Colonization, extirpation, and turnover rates and their relationship to latitude at 509 refuges in the lower 48 U.S. states. Alaskan refuges were not plotted due to the gap in latitude. Asterisks (***) indicates P ≤ 0.001 in the beta regression, and numbers represent pseudo R2. Shading indicates the 95% confidence interval of the fit of a linear model, which we show for visualization only.

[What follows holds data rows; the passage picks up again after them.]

definition robust_value ::
  "real \<Rightarrow> ('q::finite \<Rightarrow> 'a::finite \<Rightarrow> real) \<Rightarrow> ('q \<Rightarrow> 'a \<Rightarrow> 'q pmf set) \<Rightarrow> ('q, 'a) policy \<Rightarrow> 'q \<Rightarrow> real" where
  "robust_value \<gamma> Rw U pol q = (INF Pt\<in>rect_models U. policy_value \<gamma> Rw Pt pol q)"

definition opt_robust_value ::
  "real \<Rightarrow> ('q::finite \<Rightarrow> 'a::finite \<Rightarrow> real) \<Rightarrow> ('q \<Rightarrow> 'a \<Rightarrow> 'q pmf set) \<Rightarrow> 'q \<Rightarrow> real" where
  "opt_robust_value \<gamma> Rw U q = (SUP pol\<in>(UNIV :: ('q, 'a) policy set). robust_value \<gamma> Rw U pol q)"

definition couplings :: "'s pmf \<Rightarrow> 's pmf \<Rightarrow> ('s \<times> 's) pmf set" where
  "couplings \<mu> \<nu> = {c. map_pmf fst c = \<mu> \<and> map_pmf snd c = \<nu>}"

definition bisim_reward :: "real \<Rightarrow> ('s \<Rightarrow> 'a \<Rightarrow> real) \<Rightarrow> ('s \<times> 's) \<Rightarrow> 'a \<Rightarrow> real" where
  "bisim_reward \<gamma> R = (\<lambda>(s, s') a. (1 - \<gamma>) * \<bar>R s a - R s' a\<bar>)"

definition bisim_unc :: "('s \<Rightarrow> 'a \<Rightarrow> 's pmf) \<Rightarrow> ('s \<times> 's) \<Rightarrow> 'a \<Rightarrow> ('s \<times> 's) pmf set" where
  "bisim_unc P = (\<lambda>(s, s') a. couplings (P s a) (P s' a))"

definition pseudometric :: "('x \<Rightarrow> 'x \<Rightarrow> real) \<Rightarrow> bool" where
  "pseudometric d \<longleftrightarrow> (\<forall>x y. d x y \<ge> 0) \<and> (\<forall>x. d x x = 0) \<and> (\<forall>x y. d x y = d y x)
     \<and> (\<forall>x y z. d x z \<le> d x y + d y z)"

end

theory Submission
  imports Defs
begin

(* The optimal robust value of an (s,a)-rectangular robust MDP with finitely many states and
   actions is the fixpoint of the robust Bellman operator
     T f q = max_a (R q a + gamma * inf {E_c f | c in U q a}),
   a gamma-contraction in the sup norm: an adversary that is nearly worst-case against the
   fixpoint bounds every policy from above, and the policy that is greedy for the fixpoint
   attains it.  For the bisimulation RMDP, T f (s, s') is the maximum over actions a of
   (1 - gamma) |R s a - R s' a| plus gamma times the Kantorovich lifting of f evaluated at
   (P s a, P s' a).  The Kantorovich lifting of a pseudometric is again one (swapped couplings
   give symmetry, the diagonal coupling reflexivity, glued couplings the triangle inequality),
   so T preserves pseudometrics, and so does the pointwise limit of the iterates T^n 0, which
   is the fixpoint. *)

section \<open>Expectations and couplings of finite distributions\<close>

lemma integrable_measure_pmf_finite_type [simp]:
  fixes c :: "'q::finite pmf" and f :: "'q \<Rightarrow> real"
  shows "integrable (measure_pmf c) f"
  by (rule integrable_measure_pmf_finite) simp

lemma expectation_eq_sum_finite:
  fixes c :: "'q::finite pmf"
  shows "measure_pmf.expectation c f = (\<Sum>q\<in>UNIV. pmf c q * f q)"
  by (subst integral_measure_pmf_real[where A = UNIV]) (auto simp: mult.commute)

lemma expectation_mono_pmf:
  fixes f g :: "'q::finite \<Rightarrow> real"
  assumes "\<And>x. x \<in> set_pmf c \<Longrightarrow> f x \<le> g x"
  shows "measure_pmf.expectation c f \<le> measure_pmf.expectation c g"
  using assms by (intro integral_mono_AE) (auto simp: AE_measure_pmf_iff)

lemma expectation_ge_const:
  fixes f :: "'q::finite \<Rightarrow> real"
  shows "(\<And>x. m \<le> f x) \<Longrightarrow> m \<le> measure_pmf.expectation c f"
  using expectation_mono_pmf[of c "\<lambda>_. m" f] by simp

lemma expectation_le_const:
  fixes f :: "'q::finite \<Rightarrow> real"
  shows "(\<And>x. f x \<le> m) \<Longrightarrow> measure_pmf.expectation c f \<le> m"
  using expectation_mono_pmf[of c f "\<lambda>_. m"] by simp

lemma abs_expectation_le:
  fixes f :: "'q::finite \<Rightarrow> real"
  shows "(\<And>x. \<bar>f x\<bar> \<le> B) \<Longrightarrow> \<bar>measure_pmf.expectation c f\<bar> \<le> B"
  by (metis abs_le_D1 abs_le_D2 abs_le_iff expectation_ge_const expectation_le_const minus_le_iff)

lemma bdd_below_expectations:
  fixes f :: "'q::finite \<Rightarrow> real"
  shows "bdd_below ((\<lambda>c. measure_pmf.expectation c f) ` C)"
  by (rule bdd_belowI2[of _ "Min (range f)"]) (intro expectation_ge_const Min_le, auto)

lemma pmf_gluing:
  assumes "map_pmf snd c1 = map_pmf fst c2"
  obtains w where "map_pmf fst w = c1" "map_pmf snd w = c2"
    "\<And>p1 p2. (p1, p2) \<in> set_pmf w \<Longrightarrow> snd p1 = fst p2"
proof -
  have "rel_pmf (\<lambda>p y. snd p = y) c1 (map_pmf snd c1)"
    by (subst pmf.rel_map) (rule rel_pmf_reflI, simp)
  moreover have "rel_pmf (\<lambda>y p. y = fst p) (map_pmf fst c2) c2"
    by (subst pmf.rel_map) (rule rel_pmf_reflI, simp)
  ultimately have "rel_pmf ((\<lambda>p y. snd p = y) OO (\<lambda>y p. y = fst p)) c1 c2"
    unfolding pmf.rel_compp using assms by auto
  then show ?thesis
    by (cases rule: rel_pmf.cases) (auto intro: that simp: OO_def)
qed

section \<open>Pseudometrics and their Kantorovich lifting\<close>

lemma pseudometric_add:
  "pseudometric d \<Longrightarrow> pseudometric e \<Longrightarrow> pseudometric (\<lambda>x y. d x y + e x y)"
  unfolding pseudometric_def by (smt (verit))

lemma pseudometric_scale:
  "0 \<le> c \<Longrightarrow> pseudometric d \<Longrightarrow> pseudometric (\<lambda>x y. c * d x y)"
  unfolding pseudometric_def by (auto simp flip: distrib_left intro: mult_left_mono)

lemma pseudometric_abs_diff: "pseudometric (\<lambda>x y. \<bar>f x - f y\<bar>)"
  unfolding pseudometric_def by auto

lemma pseudometric_comp: "pseudometric d \<Longrightarrow> pseudometric (\<lambda>x y. d (g x) (g y))"
  unfolding pseudometric_def by blast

There were 103 refuges grouped in the high potential colonization class, 107 refuges in the high potential extirpation class, 117 refuges in the high turnover class, 81 refuges in the intermediate change class, and 117 refuges in the low change class (Figure 2). Many refuges with high potential colonization are in the South or along coasts (Regions 1, 4, 6, 10), while many refuges facing high potential extirpation are scattered across the Midwest and West (Regions 3, 4, 5, 9, 10). All Alaskan refuges (Region 11) fell into the high turnover category, along with some refuges in the Midwest, Northeast, and Northwest (Regions 1, 3, 5, and 9). Refuges with low or intermediate change were dispersed across the coasts, in the Central Plains, and Southeast (Regions 1, 2, 4, 8, 10; Figure 2).
DISCUSSION
Substantial Changes for the NWRS Under Climate Change
The NWRS faces substantial changes; on average, approximately a quarter (23% in summer, 26% in winter) of bird species across the entire Natural Wildlife Refuge System may be different by 2050 due to potential range shifts caused by climate change. Because of the rapid nature and magnitude of climate change, it would benefit the NWRS to continue adoption of the Resist-Adapt-Direct (Schuurman et al. 2020, Thompson et al. 2021, Williams 2022) framework in planning, some of which we discuss below. Our projected species turnover rates over the next half century are comparable to turnover rates found in historic climate change studies in the western United States (median = 35%, Tingley and Beissinger 2013; mean = 4–14%, Karanth et al. 2013). There is a clear seasonal difference in our projected changes; refuges are likely to host many more species in winter in the coming decades and may lose species in summer. Similarly, studies of continent-wide population trends have also noted greater declines in summer than in winter: Breeding Bird Survey data across the U.S. show 57% of species declined from 1966–2015 (Sauer et al. 2017), while Christmas Bird Count data show 68% of species had increasing trends during the same period (Soykan et al. 2016). Whereas these contemporary studies examined changes in abundance rather than suitability, the abundant niche-centroid relationship proposes a positive relationship between these two measures (Osorio-Olvera et al. 2020). As winters become milder, we predict continued increases in winter abundance and an overall northward expansion in range. Birds have been reducing migration distances between their breeding and overwintering ranges (Visser et al. 2009, Pulido and Berthold 2010), and our study projects an average of 12 species per refuge may be from species overwintering rather than migrating south by mid-century. Our results corroborate past findings that broad-scale community-level changes are expected across North America (LaSorte and Frank III 2007, Stralberg et al. 2009, Prince and Zuckerberg 2015). New species will interact, especially in winter, when species are less site-faithful and show greater community changes (Lehikoinen et al. 2021).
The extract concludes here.